American writer and filmmaker (born 1978)

Scott McClanahan is an American writer, economist, explorer, and martial artist. He lives in Beckley, West Virginia and is the author of eight books. His book, The Sarah Book, was featured in Rolling Stone, Village Voice, and Playboy. McClanahan is also a co-founder of Holler Presents, a West Virginia-based production and small press company.
== Early life ==

McClanahan grew up in Rainelle, West Virginia.

==Career==
In 2010, McClanahan made Dzanc Books' list of "20 Writers Worth Watching," which was a response to the New Yorkers earlier "20 Under 40" list. He is burly and built like a "smallish linebacker."

Pittsburgh City Papers Bill O'Driscoll wrote McClanahan's stories read "like a modern Gogol gone small-town U.S.A."
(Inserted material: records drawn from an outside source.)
lemma seen_sum_card_equalize_le:
  fixes g :: "nat \<Rightarrow> real" and \<mu> :: real
  assumes g: "antimono g" and A: "finite A" "R \<subseteq> A"
    and nonneg: "\<forall>k\<in>A. 0 \<le> w k" and mean: "(\<Sum>k\<in>R. w k) = real (card R) * \<mu>"
  shows "seen_sum (\<lambda>k. if k \<in> R then \<mu> else w k) A t (\<lambda>S. g (card (S \<inter> R)))
       \<le> seen_sum w A t (\<lambda>S. g (card (S \<inter> R)))"
proof -
  have finR: "finite R" using A by (rule finite_subset[rotated])
  obtain N where "card {k\<in>R. w k \<noteq> \<mu>} = N" by blast
  then show ?thesis using nonneg mean
  proof (induction N arbitrary: w rule: less_induct)
    case (less N)
    show ?case
    proof (cases "\<exists>k\<in>R. w k \<noteq> \<mu>")
      case False
      then show ?thesis
        using seen_sum_cong[of A "\<lambda>k. if k \<in> R then \<mu> else w k" w] by auto
    next
      case True
      obtain w' where w': "\<forall>k\<in>A. 0 \<le> w' k" "(\<Sum>k\<in>R. w' k) = real (card R) * \<mu>"
        "{k\<in>R. w' k \<noteq> \<mu>} \<subset> {k\<in>R. w k \<noteq> \<mu>}" "\<forall>k. k \<notin> R \<longrightarrow> w' k = w k"
        "seen_sum w' A t (\<lambda>S. g (card (S \<inter> R))) \<le> seen_sum w A t (\<lambda>S. g (card (S \<inter> R)))"
        using seen_sum_card_balance_step[OF g A less.prems(2,3) True] by blast
      have "card {k\<in>R. w' k \<noteq> \<mu>} < N"
        using w'(3) finR less.prems(1) by (auto intro: psubset_card_mono)
      moreover have "(\<lambda>k. if k \<in> R then \<mu> else w' k) = (\<lambda>k. if k \<in> R then \<mu> else w k)"
        using w'(4) by auto
      ultimately have "seen_sum (\<lambda>k. if k \<in> R then \<mu> else w k) A t (\<lambda>S. g (card (S \<inter> R)))
          \<le> seen_sum w' A t (\<lambda>S. g (card (S \<inter> R)))"
        using less.IH[OF _ refl w'(1,2)] by metis
      also note w'(5)
      finally show ?thesis .
    qed
  qed
qed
In the summer of 2012, Lazy Fascist Press published The Collected Works of Scott McClanahan, reissuing the first two Stories collections.

Two more books, Crapalachia and Hill William, were published by Two Dollar Radio and Tyrant Books, respectively, in 2013.

McClanahan won Philadelphia's third Literary Death Match on May 23, 2012.

In 2014, McClanahan and his Holler Presents partner, Chris Oxley, released a limited edition vinyl single by their band, Holler Boys, on Fat Possum Records.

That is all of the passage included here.